Позднее в этот же день к нему в комнату ворвался начальник штаба генерал-лейтенант Артур Шмидт и заявил: «14-й танковый корпус помышляет о капитуляции. Мюллер (начальник штаба 14-го корпуса. – У. К.) говорит, что силы солдат на исходе и у них не осталось боеприпасов. Я сказал ему, что состояние войск нам известно, но приказ продолжать боевые действия по-прежнему остается в силе и о капитуляции не может быть и речи. Тем не менее, на мой взгляд, вы должны встретиться с этими генералами и поговорить с ними».
28 января русские рассекли окруженные немецкие войска на три части: 11-й корпус был изолирован в районе Тракторного завода, 8-й и 5-й корпуса – к западу от Мамаева кургана, а остатки 14-го и 4-го корпусов – в центральной части города вокруг универмага.
Из окна подвала по соседству с универмагом сидевший за пулеметом унтер-офицер Альберт Пфлюгер смотрел на возвышавшийся на перекрестке улиц фонтан. На протяжении многих дней фонтан был центральным пунктом ожесточенной перестрелки. Пфлюгер убил нескольких русских, пытавшихся подобраться к фонтану. Здесь же лежали трупы немецких солдат, сраженных пулями, когда они пробовали проползти по льду к фонтану и набрать воды в пустые фляги.
Для него война свелась к схваткам за глоток воды, и Пфлюгер был готов сдаться в плен.
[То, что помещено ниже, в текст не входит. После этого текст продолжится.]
(* Let $\rho$ be a qubit state and define the concatenation protocol as follows. Set $\sigma_{(0)}=\rho$. Given $\sigma_{(m)}$ with $p^{(m)}_{00}=\langle0|\sigma_{(m)}|0\rangle$, let $U_m$ be the two-qubit unitary acting as the identity on $|00\rangle,|11\rangle$ and as the rotation $|01\rangle\mapsto\cos\theta_m|01\rangle+\sin\theta_m|10\rangle$, $|10\rangle\mapsto-\sin\theta_m|01\rangle+\cos\theta_m|10\rangle$ with $\cos\theta_m=1/\sqrt{1+(2p^{(m)}_{00}-1)^2}$, $\sin\theta_m=(2p^{(m)}_{00}-1)/\sqrt{1+(2p^{(m)}_{00}-1)^2}$, and set $\sigma_{(m+1)}=\mathrm{tr}_B\big[U_m(\sigma_{(m)}\otimes\sigma_{(m)})U_m^\dagger\big]$ (so $\sigma_{(m)}$ consumes $2^m$ copies of $\rho$). Then for every $m$, $$M^{(1)}(\sigma_{(m)})\le\sqrt{2\,\mathrm{tr}(\rho^2)-1}.$$
   Context: Qubit basis $\{|0\rangle,|1\rangle\}$ is the eigenbasis of $L=|1\rangle\langle1|$. The coherence measure is $M^{(1)}(\sigma):=\|\,|1\rangle\langle1|\sigma|0\rangle\langle0|\,\|_1=|\langle0|\sigma|1\rangle|$. The unitaries $U_m$ commute with $L\otimes\mathbb{I}+\mathbb{I}\otimes L$ and are the optimal two-copy coherence-concentrating unitaries for $\sigma_{(m)}$. *)

theory Defs
  imports Complex_Main
begin

text \<open>Computational basis of a qubit indexed by bool: False = |0>, True = |1>.
  One-qubit operators are matrices bool => bool => complex (row, column);
  two-qubit operators are indexed by pairs (first factor A, second factor B).\<close>

type_synonym qop = "bool \<Rightarrow> bool \<Rightarrow> complex"
type_synonym qop2 = "bool \<times> bool \<Rightarrow> bool \<times> bool \<Rightarrow> complex"

definition trace1 :: "qop \<Rightarrow> complex" where
  "trace1 A = (\<Sum>i\<in>UNIV. A i i)"

definition hermitian1 :: "qop \<Rightarrow> bool" where
  "hermitian1 A \<longleftrightarrow> (\<forall>i j. cnj (A j i) = A i j)"

definition psd1 :: "qop \<Rightarrow> bool" where
  "psd1 A \<longleftrightarrow> hermitian1 A \<and>
     (\<forall>v :: bool \<Rightarrow> complex. 0 \<le> Re (\<Sum>i\<in>UNIV. \<Sum>j\<in>UNIV. cnj (v i) * A i j * v j))"

definition qubit_state :: "qop \<Rightarrow> bool" where
  "qubit_state \<rho> \<longleftrightarrow> psd1 \<rho> \<and> trace1 \<rho> = 1"

definition mult1 :: "qop \<Rightarrow> qop \<Rightarrow> qop" where
  "mult1 A B = (\<lambda>i j. \<Sum>k\<in>UNIV. A i k * B k j)"

definition mult2 :: "qop2 \<Rightarrow> qop2 \<Rightarrow> qop2" where
  "mult2 A B = (\<lambda>i j. \<Sum>k\<in>UNIV. A i k * B k j)"

definition adj2 :: "qop2 \<Rightarrow> qop2" where
  "adj2 A = (\<lambda>i j. cnj (A j i))"

definition tensor :: "qop \<Rightarrow> qop \<Rightarrow> qop2" where
  "tensor A B = (\<lambda>(i, k) (j, l). A i j * B k l)"

definition ptrace_B :: "qop2 \<Rightarrow> qop" where
  "ptrace_B X = (\<lambda>i j. \<Sum>k\<in>UNIV. X (i, k) (j, k))"

definition rotU :: "real \<Rightarrow> real \<Rightarrow> qop2" where
  "rotU c s = (\<lambda>r col.
     if r = (False, False) \<and> col = (False, False) then 1
     else if r = (True, True) \<and> col = (True, True) then 1
     else if r = (False, True) \<and> col = (False, True) then complex_of_real c
     else if r = (True, False) \<and> col = (False, True) then complex_of_real s
     else if r = (False, True) \<and> col = (True, False) then complex_of_real (- s)
     else if r = (True, False) \<and> col = (True, False) then complex_of_real c
     else 0)"

definition p00 :: "qop \<Rightarrow> real" where
  "p00 \<sigma> = Re (\<sigma> False False)"

definition cos_theta :: "qop \<Rightarrow> real" where
  "cos_theta \<sigma> = 1 / sqrt (1 + (2 * p00 \<sigma> - 1)\<^sup>2)"

definition sin_theta :: "qop \<Rightarrow> real" where
  "sin_theta \<sigma> = (2 * p00 \<sigma> - 1) / sqrt (1 + (2 * p00 \<sigma> - 1)\<^sup>2)"

definition U_step :: "qop \<Rightarrow> qop2" where
  "U_step \<sigma> = rotU (cos_theta \<sigma>) (sin_theta \<sigma>)"

definition concat_step :: "qop \<Rightarrow> qop" where
  "concat_step \<sigma> = ptrace_B (mult2 (mult2 (U_step \<sigma>) (tensor \<sigma> \<sigma>)) (adj2 (U_step \<sigma>)))"

fun sigma_seq :: "qop \<Rightarrow> nat \<Rightarrow> qop" where
  "sigma_seq \<rho> 0 = \<rho>"
| "sigma_seq \<rho> (Suc m) = concat_step (sigma_seq \<rho> m)"

definition M1 :: "qop \<Rightarrow> real" where
  "M1 \<sigma> = cmod (\<sigma> False True)"

text \<open>Purity tr(rho^2) (real for Hermitian rho; we take the real part).\<close>
definition purity :: "qop \<Rightarrow> real" where
  "purity \<rho> = Re (trace1 (mult1 \<rho> \<rho>))"

end

theory Submission
  imports Defs
begin

text \<open>Write a Hermitian unit-trace qubit operator as [[p, x], [cnj x, 1 - p]] and use the
  Bloch coordinates z = 2p - 1 and w = 4|x|^2; positivity says z^2 + w \<le> 1, and
  z^2 + w = 2 tr(\<rho>^2) - 1. With the prescribed angle, one concatenation step maps
  (z, w) to (z (1 - w / (1 + z^2)), w (1 + z^2)), and inside the Bloch ball this does not
  increase z^2 + w. So z^2 + w never exceeds its initial value along the protocol,
  and the coherence |x| is at most sqrt (z^2 + w).\<close>

definition qmat :: "real \<Rightarrow> complex \<Rightarrow> qop" where
  "qmat p x = (\<lambda>i j. case (i, j) of
      (False, False) \<Rightarrow> of_real p | (False, True) \<Rightarrow> x
    | (True, False) \<Rightarrow> cnj x | (True, True) \<Rightarrow> of_real (1 - p))"

lemma qmat_simps [simp]:
  "qmat p x False False = of_real p" "qmat p x False True = x"
  "qmat p x True False = cnj x" "qmat p x True True = of_real (1 - p)"
  by (simp_all add: qmat_def)

lemma qmat_eqI:
  assumes "\<sigma> False False = of_real p" "\<sigma> False True = x"
    "\<sigma> True False = cnj x" "\<sigma> True True = of_real (1 - p)"
  shows "\<sigma> = qmat p x"
  using assms by (intro ext) (auto simp: qmat_def split: bool.split)

lemma hermitian1_unit_trace_qmatE:
  assumes "hermitian1 \<sigma>" "trace1 \<sigma> = 1"
  obtains p x where "\<sigma> = qmat p x"
proof
  show "\<sigma> = qmat (p00 \<sigma>) (\<sigma> False True)"
  proof (rule qmat_eqI)
    have herm: "cnj (\<sigma> j i) = \<sigma> i j" for i j
      using assms(1) unfolding hermitian1_def by blast
    show diag: "\<sigma> False False = of_real (p00 \<sigma>)"
      using herm[of False False] by (simp add: p00_def complex_eq_iff)
    show "\<sigma> True False = cnj (\<sigma> False True)"
      by (simp flip: herm[of False True])
    show "\<sigma> True True = of_real (1 - p00 \<sigma>)"
      using assms(2) diag by (simp add: trace1_def UNIV_bool algebra_simps)
  qed simp
qed

lemma psd1_qmat_off_diag_bound:
  assumes "psd1 (qmat p x)"
  shows "(cmod x)\<^sup>2 \<le> p * (1 - p)"
proof -
  define n where "n = (cmod x)\<^sup>2"
  have xx: "x * cnj x = of_real n" "cnj x * x = of_real n"
    unfolding n_def by (simp_all add: complex_norm_square mult.commute del: of_real_power)
  have quad: "Re (\<Sum>i\<in>UNIV. \<Sum>j\<in>UNIV. cnj (v i) * qmat p x i j * v j)
    = Re (cnj (v False) * of_real p * v False + cnj (v False) * x * v True
      + cnj (v True) * cnj x * v False + cnj (v True) * of_real (1 - p) * v True)" for v
    by (simp add: UNIV_bool)
  have form: "0 \<le> Re (cnj (v False) * of_real p * v False + cnj (v False) * x * v True
      + cnj (v True) * cnj x * v False + cnj (v True) * of_real (1 - p) * v True)" for v
    using assms unfolding psd1_def quad by blast
  show ?thesis
  proof (cases "p > 0")
    case True
    have "0 \<le> p * (p * (1 - p) - n)"
      using form[of "\<lambda>i. if i then of_real p else - x"]
      by (simp add: xx algebra_simps flip: of_real_mult)
    with True show ?thesis by (simp add: n_def zero_le_mult_iff)
  next
    case False
    have "0 \<le> (1 - p) * (p * (1 - p) - n)"
      using form[of "\<lambda>i. if i then - cnj x else of_real (1 - p)"]
      by (simp add: xx algebra_simps flip: of_real_mult)
    with False show ?thesis by (simp add: n_def zero_le_mult_iff)
  qed
qed

text \<open>Squared length of the Bloch vector r, where \<sigma> = (I + r \<cdot> (X, Y, Z))/2 for unit trace:
  r_z = \<sigma>_00 - \<sigma>_11 and r_x - i r_y = 2 \<sigma>_01.\<close>
definition bloch_norm2 :: "qop \<Rightarrow> real" where
  "bloch_norm2 \<sigma> = (Re (\<sigma> False False - \<sigma> True True))\<^sup>2 + 4 * (cmod (\<sigma> False True))\<^sup>2"

lemma bloch_norm2_qmat: "bloch_norm2 (qmat p x) = (2 * p - 1)\<^sup>2 + 4 * (cmod x)\<^sup>2"
  by (simp add: bloch_norm2_def)

lemma purity_qmat: "purity (qmat p x) = p\<^sup>2 + (1 - p)\<^sup>2 + 2 * (cmod x)\<^sup>2"
  using cmod_power2[of x]
  by (simp add: purity_def trace1_def mult1_def UNIV_bool power2_eq_square)

lemma bloch_norm2_eq_purity:
  assumes "hermitian1 \<rho>" "trace1 \<rho> = 1"
  shows "bloch_norm2 \<rho> = 2 * purity \<rho> - 1"
proof -
  obtain p x where "\<rho> = qmat p x"
    using assms by (rule hermitian1_unit_trace_qmatE)
  then show ?thesis
    by (simp add: bloch_norm2_qmat purity_qmat power2_eq_square algebra_simps)
qed

lemma qubit_state_bloch_norm2_le_1:
  assumes "qubit_state \<rho>"
  shows "bloch_norm2 \<rho> \<le> 1"
proof -
  have herm: "hermitian1 \<rho>" and psd: "psd1 \<rho>" and tr: "trace1 \<rho> = 1"
    using assms by (auto simp: qubit_state_def psd1_def)
  obtain p x where \<rho>: "\<rho> = qmat p x"
    using herm tr by (rule hermitian1_unit_trace_qmatE)
  have "(cmod x)\<^sup>2 \<le> p * (1 - p)"
    using psd unfolding \<rho> by (rule psd1_qmat_off_diag_bound)
  then show ?thesis
    unfolding \<rho> bloch_norm2_qmat by (simp add: algebra_simps power2_eq_square)
qed

lemma M1_le_sqrt_bloch_norm2: "M1 \<sigma> \<le> sqrt (bloch_norm2 \<sigma>)"
proof -
  have "(cmod (\<sigma> False True))\<^sup>2 \<le> bloch_norm2 \<sigma>"
    unfolding bloch_norm2_def by (simp add: add_increasing)
  then show ?thesis
    unfolding M1_def by (rule real_le_rsqrt)
qed

lemma UNIV_bool_prod:
  "(UNIV :: (bool \<times> bool) set) = {(False, False), (False, True), (True, False), (True, True)}"
  by auto

lemma ptrace_B_rotU_conj_qmat:
  fixes c s :: real
  assumes "c\<^sup>2 + s\<^sup>2 = 1"
  shows "ptrace_B (mult2 (mult2 (rotU c s) (tensor (qmat p x) (qmat p x))) (adj2 (rotU c s)))
    = qmat (p - 2 * c * s * (cmod x)\<^sup>2) (x * of_real (c + s * (2 * p - 1)))"
proof -
  have xx: "x * cnj x = of_real ((cmod x)\<^sup>2)"
    by (simp only: complex_norm_square)
  have s2: "complex_of_real s * of_real s = 1 - of_real c * of_real c"
    using assms by (simp add: power2_eq_square algebra_simps flip: of_real_mult of_real_add)
  show ?thesis
    by (rule qmat_eqI)
      (simp_all add: ptrace_B_def mult2_def adj2_def tensor_def rotU_def UNIV_bool_prod UNIV_bool
        algebra_simps power2_eq_square xx s2)
qed

lemma concat_step_qmat:
  fixes p :: real and x :: complex
  defines "z \<equiv> 2 * p - 1"
  shows "concat_step (qmat p x)
    = qmat (p - 2 * z * (cmod x)\<^sup>2 / (1 + z\<^sup>2)) (x * of_real (sqrt (1 + z\<^sup>2)))"
proof -
  define q where "q = sqrt (1 + z\<^sup>2)"
  have A: "1 + z\<^sup>2 > 0"
    by (simp add: add_pos_nonneg)
  then have q: "q > 0" "q\<^sup>2 = 1 + z\<^sup>2"
    unfolding q_def by simp_all
  have "U_step (qmat p x) = rotU (1 / q) (z / q)"
    by (simp add: U_step_def cos_theta_def sin_theta_def p00_def q_def z_def)
  moreover have "(1 / q)\<^sup>2 + (z / q)\<^sup>2 = 1"
    using q A by (simp add: power_divide add_divide_distrib[symmetric])
  ultimately have "concat_step (qmat p x)
      = qmat (p - 2 * (1 / q) * (z / q) * (cmod x)\<^sup>2) (x * of_real (1 / q + z / q * (2 * p - 1)))"
    unfolding concat_step_def by (simp only: ptrace_B_rotU_conj_qmat)
  also have "2 * (1 / q) * (z / q) * (cmod x)\<^sup>2 = 2 * z * (cmod x)\<^sup>2 / (1 + z\<^sup>2)"
    using q by (simp add: power2_eq_square)
  also have "1 / q + z / q * (2 * p - 1) = q"
    using q by (simp add: z_def field_simps power2_eq_square)
  finally show ?thesis
    unfolding q_def .
qed

lemma bloch_update_nonincreasing:
  fixes z w :: real
  assumes "0 \<le> w" "z\<^sup>2 + w \<le> 1"
  shows "(z - z * w / (1 + z\<^sup>2))\<^sup>2 + w * (1 + z\<^sup>2) \<le> z\<^sup>2 + w"
proof -
  define A where "A = 1 + z\<^sup>2"
  have A: "A > 0"
    unfolding A_def by (simp add: add_pos_nonneg)
  txt \<open>After clearing the denominator A^2 the deficit is w z^2 (1 - z^4 - w).\<close>
  have "z\<^sup>2 \<le> 1"
    using assms by linarith
  then have "z\<^sup>2 * z\<^sup>2 \<le> z\<^sup>2"
    by (rule mult_left_le) simp
  with assms have "0 \<le> w * z\<^sup>2 * (1 - z\<^sup>2 * z\<^sup>2 - w)"
    by simp
  also have "w * z\<^sup>2 * (1 - z\<^sup>2 * z\<^sup>2 - w) = (z\<^sup>2 + w) * A\<^sup>2 - ((z * (A - w))\<^sup>2 + w * A ^ 3)"
    unfolding A_def by (simp add: algebra_simps power2_eq_square power3_eq_cube)
  finally have "((z * (A - w))\<^sup>2 + w * A ^ 3) / A\<^sup>2 \<le> z\<^sup>2 + w"
    using A by (simp add: divide_le_eq)
  also have "((z * (A - w))\<^sup>2 + w * A ^ 3) / A\<^sup>2 = (z - z * w / A)\<^sup>2 + w * A"
    using A by (simp add: field_simps power2_eq_square power3_eq_cube)
  finally show ?thesis
    unfolding A_def .
qed

lemma bloch_norm2_concat_step_le:
  assumes "bloch_norm2 (qmat p x) \<le> 1"
  shows "bloch_norm2 (concat_step (qmat p x)) \<le> bloch_norm2 (qmat p x)"
proof -
  define z n where "z = 2 * p - 1" and "n = (cmod x)\<^sup>2"
  have "bloch_norm2 (concat_step (qmat p x))
      = (z - z * (4 * n) / (1 + z\<^sup>2))\<^sup>2 + 4 * n * (1 + z\<^sup>2)"
    by (simp add: concat_step_qmat bloch_norm2_qmat norm_mult
        z_def n_def field_simps add_pos_nonneg)
  also have "\<dots> \<le> z\<^sup>2 + 4 * n"
    using assms by (intro bloch_update_nonincreasing) (simp_all add: bloch_norm2_qmat z_def n_def)
  also have "\<dots> = bloch_norm2 (qmat p x)"
    by (simp add: bloch_norm2_qmat z_def n_def)
  finally show ?thesis .
qed

lemma bloch_norm2_sigma_seq_le:
  assumes "qubit_state \<rho>"
  shows "bloch_norm2 (sigma_seq \<rho> m) \<le> bloch_norm2 \<rho>"
proof -
  have "hermitian1 \<rho>" "trace1 \<rho> = 1"
    using assms by (simp_all add: qubit_state_def psd1_def)
  then obtain p x where \<rho>: "\<rho> = qmat p x"
    by (rule hermitian1_unit_trace_qmatE)
  have "\<exists>p' x'. sigma_seq \<rho> m = qmat p' x' \<and> bloch_norm2 (sigma_seq \<rho> m) \<le> bloch_norm2 \<rho>"
  proof (induction m)
    case 0
    show ?case using \<rho> by auto
  next
    case (Suc m)
    then obtain p' x' where \<sigma>: "sigma_seq \<rho> m = qmat p' x'"
      and le: "bloch_norm2 (qmat p' x') \<le> bloch_norm2 \<rho>"
      by auto
    then have "bloch_norm2 (qmat p' x') \<le> 1"
      using qubit_state_bloch_norm2_le_1[OF assms] by linarith
    then have "bloch_norm2 (sigma_seq \<rho> (Suc m)) \<le> bloch_norm2 \<rho>"
      using \<sigma> le bloch_norm2_concat_step_le by fastforce
    moreover have "\<exists>p'' x''. sigma_seq \<rho> (Suc m) = qmat p'' x''"
      unfolding sigma_seq.simps \<sigma> concat_step_qmat by blast
    ultimately show ?case by blast
  qed
  then show ?thesis by blast
qed

theorem mainTheorem3:
  fixes \<rho> :: qop and m :: nat
  assumes "qubit_state \<rho>"
  shows "M1 (sigma_seq \<rho> m) \<le> sqrt (2 * purity \<rho> - 1)"
proof -
  have "M1 (sigma_seq \<rho> m) \<le> sqrt (bloch_norm2 (sigma_seq \<rho> m))"
    by (rule M1_le_sqrt_bloch_norm2)
  also have "\<dots> \<le> sqrt (bloch_norm2 \<rho>)"
    using bloch_norm2_sigma_seq_le[OF assms] by simp
  also have "bloch_norm2 \<rho> = 2 * purity \<rho> - 1"
    using assms by (intro bloch_norm2_eq_purity) (simp_all add: qubit_state_def psd1_def)
  finally show ?thesis .
qed

end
Но сперва ему хотелось услышать речь Адольфа Гитлера 30 января, посвященную десятой годовщине «третьего рейха». В полдень он вместе с другими солдатами подошел к радиоприемнику и ждал, когда голос фюрера зазвучит в подвале. Но диктор объявил, что вместо фюрера выступит Герман Геринг.
Рейхсмаршал и на этот раз выступил в своей обычной напыщенной манере: «…то, что совершил наш фюрер, – это подвиг Геракла… из бесформенной массы, людской массы… он выковал нацию, прочную как сталь. Враг силен, но немецкий солдат стал еще более закаленным… Мы отобрали у русских уголь и железо, а без них они не могут производить оружие в массовом количестве… Над всеми этими гигантскими сражениями как колоссальный монумент высится Сталинград… Настанет день, когда эта битва получит признание как величайшее сражение в нашей истории, битва героев… Это легендарная поэма о героической, не имевшей себе равных борьбе, борьбе Нибелунгов. Они тоже сражались до конца…»
Солдаты застонали, кто-то пустил отборное проклятие по адресу «толстяка» в Берлине.
Геринг продолжал: «…мои солдаты, тысячи лет назад небольшой горный перевал в Греции защищал с тремя сотнями солдат необыкновенно мужественный и храбрый человек – царь Леонид и его триста спартанцев… Затем пал последний из них… и сейчас осталась только надпись: “Спутник, если случится тебе посетить Спарту, скажи спартанцам, что ты нашел нас павшими здесь, как велел нам долг…” Когда-нибудь люди прочтут: “Если ты приедешь в Германию, скажи немцам, что ты видел нас павшими в Сталинграде, как велел нам долг…”»
Внезапно Пфлюгеру и тысячам других немецких солдат, слушавших эту речь у радиоприемников, стало ясно, что Гитлер уже считает их мертвецами.
По окончании речи Геринга раздались звуки национального гимна. Пфлюгер и его товарищи подхватили: «Германия, Германия превыше всего…» Когда же после гимна зазвучала мелодия нацистской песни «Хорст Вессель», кто-то в подвале с размаху врезал прикладом по приемнику, разбив его вдребезги.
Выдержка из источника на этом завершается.